OSDir


[Date Prev][Date Next][Thread Prev][Thread Next][Date Index][Thread Index]

Best Practice of Airflow Setting-Up & Usage


Hi folks,

May you kindly share how your organization is setting up Airflow and using
it? Especially in terms of architecture. For example,

- *Setting-Up*: Do you install Airflow in a "one-time" fashion, or
containerization fashion?
- *Executor:* Which executor are you using (*LocalExecutor*,
*CeleryExecutor*, etc)? I believe most production environments are using
*CeleryExecutor*?
- *Scale*: If using Celery, normally how many worker nodes do you add? (for
sure this is up to workloads and performance of your worker nodes).
- *Queue*: if Queue feature
<https://airflow.apache.org/concepts.html#queues> is used in your
architecture?

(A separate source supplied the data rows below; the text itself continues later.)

theorem proposition4p2:
  fixes \<rho> :: "real^('n::finite option)^('n option) \<Rightarrow> real^'m^'m"
    and B :: "(real^'n) set" and v :: "real^'m"
  assumes "is_cont_rep \<rho>"
    and "affine_basis B"
    and "v \<noteq> 0"
    and "\<forall>e\<in>B. \<rho> (umat e) *v v \<in> {x + y | x y. x \<in> eigsp (dA \<rho>) 0 \<and> y \<in> Vminus (dA \<rho>)}"
  shows "\<forall>e\<in>B. pi0 (dA \<rho>) (\<rho> (umat e) *v v) \<noteq> 0"
proof
  interpret SL_rep \<rho>
    by (rule SL_rep.intro[OF assms(1)])
  fix e0 assume e0: "e0 \<in> B"
  obtain a b where ab: "\<rho> (umat e0) *v v = a + b" "a \<in> eigsp (dA \<rho>) 0" "b \<in> Vminus (dA \<rho>)"
    using assms(4) e0 by blast
  obtain X Y :: "real^'n^'n" where YX: "Y ** X = mat 1" and X: "\<And>k. X $ k + e0 \<in> B"
    using affine_basis_translates_matrix[OF assms(2) e0] by blast
  show "pi0 (dA \<rho>) (\<rho> (umat e0) *v v) \<noteq> 0"
  proof
    assume "pi0 (dA \<rho>) (\<rho> (umat e0) *v v) = 0"
    then have "\<rho> (umat e0) *v v \<in> Vminus (dA \<rho>)"
      using pi0_eq[OF ab(2,3)] ab by simp
    moreover have "Bfun (\<lambda>t. \<rho> (expA t) *v (\<rho> (umat (X $ k)) *v (\<rho> (umat e0) *v v))) at_top" for k
      using Bfun_rep_expA assms(4) X by (simp add: rep_umat_add_vec)
    ultimately have "\<rho> (umat e0) *v v = 0"
      using eq_0_if_translates_bounded[OF YX] tendsto_rep_expA_Vminus by blast
    then have "\<rho> (umat (- e0)) *v (\<rho> (umat e0) *v v) = 0"
      by simp
    then show False
      using assms(3) by (simp add: rep_umat_add_vec umat_0 rep_one)
  qed
qed

end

For what advantage? (for example, explicitly assign
network-bound tasks to a worker node whose parallelism can be much higher
than its # of cores)
- *SLA*: do you have any SLA for your scheduling? (this is inspired by
@yrqls21's PR 3830 <https://github.com/apache/incubator-airflow/pull/3830>)
- etc.

Airflow's setting-up can be quite flexible, but I believe there is some
sort of best practice, especially in the organisations where scalability is
essential.

Thanks for sharing in advance!


Best regards,
XD